Dataset items
lemma neg_binomial_sum_pascal:
  fixes g :: "nat \<Rightarrow> real"
  assumes "g (Suc m) = 0"
  shows "(\<Sum>p = 0..m. neg_binomial_coeff (Suc k) p * (g p + g (Suc p)))
       = (\<Sum>p = 0..Suc m. neg_binomial_coeff k p * g p)"
proof -
  let ?c = "neg_binomial_coeff"
  have "(\<Sum>p = 0..Suc m. ?c k p * g p) = ?c k 0 * g 0 + (\<Sum>p = 0..m. ?c k (Suc p) * g (Suc p))"
    unfolding sum.atLeast0_atMost_Suc_shift by simp
  also have "\<dots> = (?c (Suc k) 0 * g 0 + (\<Sum>p = 0..m. ?c (Suc k) (Suc p) * g (Suc p)))
      + (\<Sum>p = 0..m. ?c (Suc k) p * g (Suc p))"
    by (simp add: neg_binomial_coeff_Suc_0 neg_binomial_coeff_pascal[of k, symmetric] distrib_right sum.distrib)
  also have "?c (Suc k) 0 * g 0 + (\<Sum>p = 0..m. ?c (Suc k) (Suc p) * g (Suc p))
      = (\<Sum>p = 0..Suc m. ?c (Suc k) p * g p)"
    unfolding sum.atLeast0_atMost_Suc_shift by simp
  also have "\<dots> = (\<Sum>p = 0..m. ?c (Suc k) p * g p)"
    using assms by simp
  finally show ?thesis
    by (simp add: distrib_left sum.distrib)
qed

locale commuting_splitting =
  fixes S :: "('a \<Rightarrow> real) set" and A B D :: "('a \<Rightarrow> real) \<Rightarrow> 'a \<Rightarrow> real"
  assumes A_closed: "f \<in> S \<Longrightarrow> A f \<in> S"
    and B_closed: "f \<in> S \<Longrightarrow> B f \<in> S"
    and commute: "f \<in> S \<Longrightarrow> A (B f) = B (A f)"
    and D_split: "f \<in> S \<Longrightarrow> D f = (\<lambda>x. A f x + B f x)"
    and D_weighted_sum: "(\<And>s. s \<in> P \<Longrightarrow> F s \<in> S) \<Longrightarrow> finite (P :: nat set) \<Longrightarrow>
      D (\<lambda>x. \<Sum>s\<in>P. u s * F s x) = (\<lambda>x. \<Sum>s\<in>P. u s * D (F s) x)"
    and B_zero: "B (\<lambda>x. 0) = (\<lambda>x. 0)"
begin

lemma funpow_closed:
  assumes "f \<in> S"
  shows "(A ^^ n) ((B ^^ p) f) \<in> S"
proof -
  have "(B ^^ p) f \<in> S"
    using assms by (induction p) (simp_all add: B_closed)
  then show ?thesis
    by (induction n) (simp_all add: A_closed)
qed

lemma B_funpow_A:
  assumes "f \<in> S"
  shows "B ((A ^^ n) f) = (A ^^ n) (B f)"
proof (induction n)
  case (Suc n)
  have "(A ^^ n) f \<in> S"
    using funpow_closed[OF assms, of n 0] by simp
  with Suc.IH show ?case
    by (simp add: commute[symmetric])
qed simp

lemma D_funpow_A_B:
  assumes "f \<in> S"
  shows "D ((A ^^ n) ((B ^^ p) f)) = (\<lambda>x. (A ^^ Suc n) ((B ^^ p) f) x + (A ^^ n) ((B ^^ Suc p) f) x)"
  using D_split[OF funpow_closed[OF assms]] B_funpow_A[OF funpow_closed[OF assms, of 0]] by simp

lemma D_neg_binomial_sum:
  assumes "f \<in> S" "(B ^^ Suc m) f = (\<lambda>x. 0)"
  shows "D (\<lambda>x. \<Sum>p = 0..m. neg_binomial_coeff (Suc k) p * (A ^^ (m - p)) ((B ^^ p) f) x)
       = (\<lambda>x. \<Sum>p = 0..Suc m. neg_binomial_coeff k p * (A ^^ (Suc m - p)) ((B ^^ p) f) x)"
    (is "D ?Q = ?R")
proof (rule ext)
  fix x
  define g where "g p = (A ^^ (Suc m - p)) ((B ^^ p) f) x" for p
  have "D ?Q x = (\<Sum>p = 0..m. neg_binomial_coeff (Suc k) p * (g p + g (Suc p)))"
    using assms(1) by (simp add: D_weighted_sum funpow_closed D_funpow_A_B g_def Suc_diff_le)
  also have "\<dots> = (\<Sum>p = 0..Suc m. neg_binomial_coeff k p * g p)"
    using assms(2) by (intro neg_binomial_sum_pascal) (simp add: g_def)
  finally show "D ?Q x = ?R x"
    by (simp add: g_def)
qed

theorem funpow_D_neg_binomial_sum:
  assumes "f \<in> S" "(B ^^ Suc m) f = (\<lambda>x. 0)"
  shows "(D ^^ k) (\<lambda>x. \<Sum>p = 0..m. neg_binomial_coeff k p * (A ^^ (m - p)) ((B ^^ p) f) x)
       = (A ^^ (m + k)) f"
  using assms(2)
proof (induction k arbitrary: m)
  case 0
  then show ?case
    by (simp add: neg_binomial_coeff_0_left if_distrib[of "\<lambda>c. c * _"] sum.delta cong: if_cong)
next
  case (Suc k)
  have "(B ^^ Suc (Suc m)) f = (\<lambda>x. 0)"
    using Suc.prems by (simp add: B_zero)
  then show ?case
    using Suc.IH[of "Suc m"] D_neg_binomial_sum[OF assms(1) Suc.prems]
    by (simp only: funpow_Suc_right o_apply) simp
qed

end

theorem theorem4p1:
  fixes q W :: "real^'n::finite \<Rightarrow> real"
    and a b d :: "'n list \<Rightarrow> real"
    and lam k :: nat
  assumes "C1 q"
    and "const_coeff_op a" and "const_coeff_op b" and "const_coeff_op d"
    and "d = (\<lambda>is. a is + b is)"
    and "smooth W"
    and "(diffop a ^^ (lam + k)) W = q"
    and "(diffop b ^^ (lam + 1)) W = (\<lambda>x. 0)"
  shows "(diffop d ^^ k)
           (\<lambda>x. \<Sum>p = 0..lam. (-1) ^ p * real ((k + p - 1) choose p)
                  * ((diffop a ^^ (lam - p)) ((diffop b ^^ p) W)) x) = q"
proof -
  interpret commuting_splitting "{f. smooth f}" "diffop a" "diffop b" "diffop d"
    using assms(2,3,5)
    by unfold_locales (simp_all add: smooth_diffop diffop_commute diffop_add_coeffs diffop_weighted_sum
        diffop_zero sum.distrib distrib_left)
  show ?thesis
    using funpow_D_neg_binomial_sum[of W lam k] assms(6-8) by (simp add: neg_binomial_coeff_def)
qed

end
text \<open>Only edges inside \<open>B (2 R + s)\<close> contribute: the cutoff vanishes outside \<open>B (2 R)\<close>
  and edges have length at most \<open>s\<close>.\<close>
lemma cutoff_neg_lap_edge_sum:
  assumes R: "R > 0"
  shows "(\<Sum>x\<in>B (2 * R + s). m x * (cutoff R x)\<^sup>2 * u x * neg_lap u x)
    = (\<Sum>(x, y)\<in>edges_in (B (2 * R + s)). w x y * (cutoff R x)\<^sup>2 * u x * (u x - u y))"
proof -
  have "m x * (cutoff R x)\<^sup>2 * u x * neg_lap u x
      = (\<Sum>y\<in>nbrs x \<inter> B (2 * R + s). w x y * (cutoff R x)\<^sup>2 * u x * (u x - u y))" for x
  proof (cases "cutoff R x = 0")
    case False
    then have "\<rho> x x0 < 2 * R" using cutoff_eq_0[OF R] by force
    have "nbrs x \<subseteq> B (2 * R + s)"
    proof
      fix y assume "y \<in> nbrs x"
      then have "\<rho> y x \<le> s" using jump_le \<rho>_sym by auto
      then have "\<rho> y x0 \<le> 2 * R + s" using \<rho>_triangle[of y x0 x] \<open>\<rho> x x0 < 2 * R\<close> by linarith
      then show "y \<in> B (2 * R + s)" unfolding rball_def by simp
    qed
    moreover have "m x * (cutoff R x)\<^sup>2 * u x * neg_lap u x
        = (\<Sum>y\<in>nbrs x. w x y * (cutoff R x)\<^sup>2 * u x * (u x - u y))"
      unfolding neg_lap_def sum_distrib_left using m_pos[of x]
      by (intro sum.cong) (auto simp: field_simps)
    ultimately show ?thesis by (simp add: Int_absorb2)
  qed simp
  then show ?thesis by (simp add: sum_edges_in finite_B)
qed

lemma edge_sum_cutoff_gradient_le:
  assumes R: "R > 0" and S: "finite S"
  shows "(\<Sum>(x, y)\<in>edges_in S. w x y * (cutoff R x - cutoff R y)\<^sup>2 * (u x)\<^sup>2)
    \<le> (\<Sum>x\<in>S. m x * (u x)\<^sup>2) / R\<^sup>2"
proof -
  have "(\<Sum>y\<in>nbrs x \<inter> S. w x y * (cutoff R x - cutoff R y)\<^sup>2 * (u x)\<^sup>2) \<le> m x * (u x)\<^sup>2 / R\<^sup>2"
    for x
  proof -
    have "(\<Sum>y\<in>nbrs x \<inter> S. w x y * (cutoff R x - cutoff R y)\<^sup>2 * (u x)\<^sup>2)
        \<le> (\<Sum>y\<in>nbrs x \<inter> S. w x y * (\<rho> x y)\<^sup>2 * ((u x)\<^sup>2 / R\<^sup>2))"
    proof (rule sum_mono)
      fix y
      have "\<bar>cutoff R x - cutoff R y\<bar>\<^sup>2 \<le> (\<rho> x y / R)\<^sup>2"
        using cutoff_lipschitz[OF R, of x y] by (intro power_mono) auto
      then have "w x y * (cutoff R x - cutoff R y)\<^sup>2 * (u x)\<^sup>2 \<le> w x y * (\<rho> x y / R)\<^sup>2 * (u x)\<^sup>2"
        by (intro mult_right_mono mult_left_mono w_nonneg) auto
      then show "w x y * (cutoff R x - cutoff R y)\<^sup>2 * (u x)\<^sup>2 \<le> w x y * (\<rho> x y)\<^sup>2 * ((u x)\<^sup>2 / R\<^sup>2)"
        by (simp add: power_divide)
    qed
    also have "\<dots> \<le> (\<Sum>y\<in>nbrs x. w x y * (\<rho> x y)\<^sup>2 * ((u x)\<^sup>2 / R\<^sup>2))"
      by (intro sum_mono2 finite_nbrs)
        (auto intro!: divide_nonneg_nonneg mult_nonneg_nonneg w_nonneg)
    also have "\<dots> = (\<Sum>y\<in>nbrs x. w x y * (\<rho> x y)\<^sup>2) * ((u x)\<^sup>2 / R\<^sup>2)"
      by (simp add: sum_distrib_right sum_divide_distrib mult.assoc)
    also have "\<dots> \<le> m x * ((u x)\<^sup>2 / R\<^sup>2)"
      by (intro mult_right_mono intrinsic_sum_le) auto
    finally show ?thesis by simp
  qed
  then have "(\<Sum>x\<in>S. \<Sum>y\<in>nbrs x \<inter> S. w x y * (cutoff R x - cutoff R y)\<^sup>2 * (u x)\<^sup>2)
      \<le> (\<Sum>x\<in>S. m x * (u x)\<^sup>2 / R\<^sup>2)"
    by (rule sum_mono)
  then show ?thesis by (simp add: sum_edges_in[OF S] split_def sum_divide_distrib)
qed
lemma prob_smallest_mean_bound:
  fixes b :: "'w \<Rightarrow> nat \<Rightarrow> real"
  assumes P: "prob_space M" and N: "N > 0"
    and b: "\<And>j. j < N \<Longrightarrow> (\<lambda>\<omega>. b \<omega> j) \<in> borel_measurable M" and nonneg: "\<And>\<omega> j. b \<omega> j \<ge> 0"
    and indep: "prob_space.indep_vars M (\<lambda>_. borel) (\<lambda>j \<omega>. (b \<omega> j)\<^sup>2) {..<N}"
    and p: "\<And>j. j < N \<Longrightarrow> measure M {\<omega> \<in> space M. (b \<omega> j)\<^sup>2 \<le> \<tau>} = real m / real N"
    and p': "\<And>j. j < N \<Longrightarrow> measure M {\<omega> \<in> space M. (b \<omega> j)\<^sup>2 \<le> \<tau> + \<delta>} = p'"
    and m: "real m \<le> real N * p'" and "\<tau> \<ge> 0" "\<epsilon> \<ge> 0" "\<delta> \<ge> 0"
  shows "measure M {\<omega> \<in> space M. smallest_mean_bound (b \<omega>) N m \<tau> (\<epsilon> * (\<tau> + \<delta>))}
    \<ge> 1 - exp (- 2 * (\<epsilon> * real m)\<^sup>2 / real N) - exp (- 2 * (real N * p' - real m)\<^sup>2 / real N)"
proof -
  interpret prob_space M by fact
  have card: "{j \<in> {..<N}. (b \<omega> j)\<^sup>2 \<le> t} = Ihat (b \<omega>) N t" for \<omega> t
    by (simp add: Ihat_def)
  define Bad1 where "Bad1 = {\<omega> \<in> space M. real (card (Ihat (b \<omega>) N \<tau>)) \<le> real m - \<epsilon> * real m}"
  define Bad2 where "Bad2 = {\<omega> \<in> space M. real (card (Ihat (b \<omega>) N (\<tau> + \<delta>))) \<le> real m}"
  have "measure M Bad1 \<le> exp (- 2 * (\<epsilon> * real m)\<^sup>2 / real N)"
    using Hoeffding_card_le[OF P indep N p, of "\<epsilon> * real m", unfolded card] N \<open>\<epsilon> \<ge> 0\<close> by (simp add: Bad1_def)
  moreover have "measure M Bad2 \<le> exp (- 2 * (real N * p' - real m)\<^sup>2 / real N)"
    using Hoeffding_card_le[OF P indep N p', of "real N * p' - real m", unfolded card] m by (simp add: Bad2_def)
  moreover have [measurable]: "(\<lambda>\<omega>. real (card (Ihat (b \<omega>) N t))) \<in> borel_measurable M" for t
    using b by (rule borel_measurable_card_Ihat)
  then have "Bad1 \<in> sets M" "Bad2 \<in> sets M" unfolding Bad1_def Bad2_def by measurable
  then have "1 - measure M Bad1 - measure M Bad2 \<le> measure M (space M - (Bad1 \<union> Bad2))"
    using measure_Un_le[of Bad1 M Bad2] by (simp add: prob_compl)
  moreover have "space M - (Bad1 \<union> Bad2) \<subseteq> {\<omega> \<in> space M. smallest_mean_bound (b \<omega>) N m \<tau> (\<epsilon> * (\<tau> + \<delta>))}"
  proof
    fix \<omega> assume "\<omega> \<in> space M - (Bad1 \<union> Bad2)"
    then have "\<omega> \<in> space M" "real (card (Ihat (b \<omega>) N \<tau>)) \<ge> real m - \<epsilon> * real m"
      "card (Ihat (b \<omega>) N (\<tau> + \<delta>)) \<ge> m"
      by (auto simp: Bad1_def Bad2_def)
    with smallest_mean_bound_of_card[of "b \<omega>"] nonneg assms
    show "\<omega> \<in> {\<omega> \<in> space M. smallest_mean_bound (b \<omega>) N m \<tau> (\<epsilon> * (\<tau> + \<delta>))}" by simp
  qed
  then have "measure M (space M - (Bad1 \<union> Bad2)) \<le> measure M {\<omega> \<in> space M. smallest_mean_bound (b \<omega>) N m \<tau> (\<epsilon> * (\<tau> + \<delta>))}"
    using b by (intro finite_measure_mono sets_Collect_smallest_mean_bound)
  ultimately show ?thesis by linarith
qed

● WHAT IS BEING ASKED
Please go over the data above and copy each line with "linarith" in it.

● ANSWER FOR THIS EXERCISE
      then have "\<rho> y x0 \<le> 2 * R + s" using \<rho>_triangle[of y x0 x] \<open>\<rho> x x0 < 2 * R\<close> by linarith
  ultimately show ?thesis by linarith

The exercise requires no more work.